The unit of scale for AWS Lambda is a concurrent execution (see Understanding Scaling Behavior for more details). However, scaling indefinitely is not desirable in all scenarios. For example, you may want to control your concurrency for cost reasons, or to regulate how long it takes you to process a batch of events, or to simply match it with a downstream resource. To assist with this, Lambda provides a concurrent execution limit control at both the account level and the function level.

On reaching the concurrency limit associated with a function, any further invocation requests to that function are throttled, i.e. the invocation doesn't execute your function. Each throttled invocation increases the value of this measure for the corresponding function.

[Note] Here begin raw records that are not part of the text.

theorem mainTheorem11:
  fixes f :: "'a::ring \<Rightarrow> 'b::ring"
  assumes "has_local_units TYPE('a)" and "has_local_units TYPE('b)"
    and "is_ring_hom f"
  shows "(non_degenerate f \<longleftrightarrow>
           (\<exists>\<phi>. mult_ring_hom TYPE('a) TYPE('b) \<phi> \<and> \<phi> mult_one = mult_one \<and>
                continuous_map (strict_topology TYPE('a)) (strict_topology TYPE('b)) \<phi> \<and>
                extends_hom f \<phi>))
       \<and> (non_degenerate f \<longrightarrow>
           (\<exists>\<phi>. mult_ring_hom TYPE('a) TYPE('b) \<phi> \<and> extends_hom f \<phi> \<and>
              (\<forall>\<psi>. mult_ring_hom TYPE('a) TYPE('b) \<psi> \<and> extends_hom f \<psi> \<longrightarrow>
                  (\<forall>m\<in>multipliers TYPE('a). \<psi> m = \<phi> m))))"
proof -
  have nd_iff: "non_degenerate f \<longleftrightarrow> image_has_local_units f"
    using assms(1,3) by (rule non_degenerate_iff_image_has_local_units)
  have "\<exists>\<phi>. mult_ring_hom TYPE('a) TYPE('b) \<phi> \<and> \<phi> mult_one = mult_one \<and>
      continuous_map (strict_topology TYPE('a)) (strict_topology TYPE('b)) \<phi> \<and> extends_hom f \<phi> \<and>
      (\<forall>\<psi>. mult_ring_hom TYPE('a) TYPE('b) \<psi> \<and> extends_hom f \<psi> \<longrightarrow>
         (\<forall>m\<in>multipliers TYPE('a). \<psi> m = \<phi> m))"
    if "non_degenerate f"
  proof -
    interpret multiplier_extension f
      using assms(3) that nd_iff by unfold_locales simp_all
    show ?thesis
      using extension_mult_ring_hom extension_mult_one continuous_map_extension
        extension_extends_hom extension_unique by blast
  qed
  moreover have "non_degenerate f"
    if "\<exists>\<phi>. \<phi> mult_one = mult_one \<and>
      continuous_map (strict_topology TYPE('a)) (strict_topology TYPE('b)) \<phi> \<and> extends_hom f \<phi>"
    using that nd_iff image_has_local_units_if_continuous_extension[OF assms(1)] by blast
  ultimately show ?thesis by blast
qed

end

AWS Lambda handles throttled invocation requests differently, depending on their source:

  • Event sources that aren't stream-based: Some of these event sources invoke a Lambda function synchronously, and others invoke it asynchronously. Handling is different for each:

    • Synchronous invocation: If the function is invoked synchronously and is throttled, Lambda returns a 429 error and the invoking service is responsible for retries. The ThrottledReason error code explains whether you ran into a function level throttle (if specified) or an account level throttle (see note below). Each service may have its own retry policy. For example, CloudWatch Logs retries the failed batch up to five times with delays between retries. For a list of event sources and their invocation type, see Supported Event Sources.
    • Asynchronous invocation: If your Lambda function is invoked asynchronously and is throttled, AWS Lambda automatically retries the throttled event for up to six hours, with delays between retries. Remember, asynchronous events are queued before they are used to invoke the Lambda function.
  • Stream-based event sources: For stream-based event sources (Kinesis and DynamoDB streams), AWS Lambda polls your stream and invokes your Lambda function. When your Lambda function is throttled, Lambda attempts to process the throttled batch of records until the time the data expires. This time period can be up to seven days for Kinesis. The throttled request is treated as blocking per shard, and Lambda doesn't read any new records from the shard until the throttled batch of records either expires or succeeds. If there is more than one shard in the stream, Lambda continues invoking on the non-throttled shards until one gets through.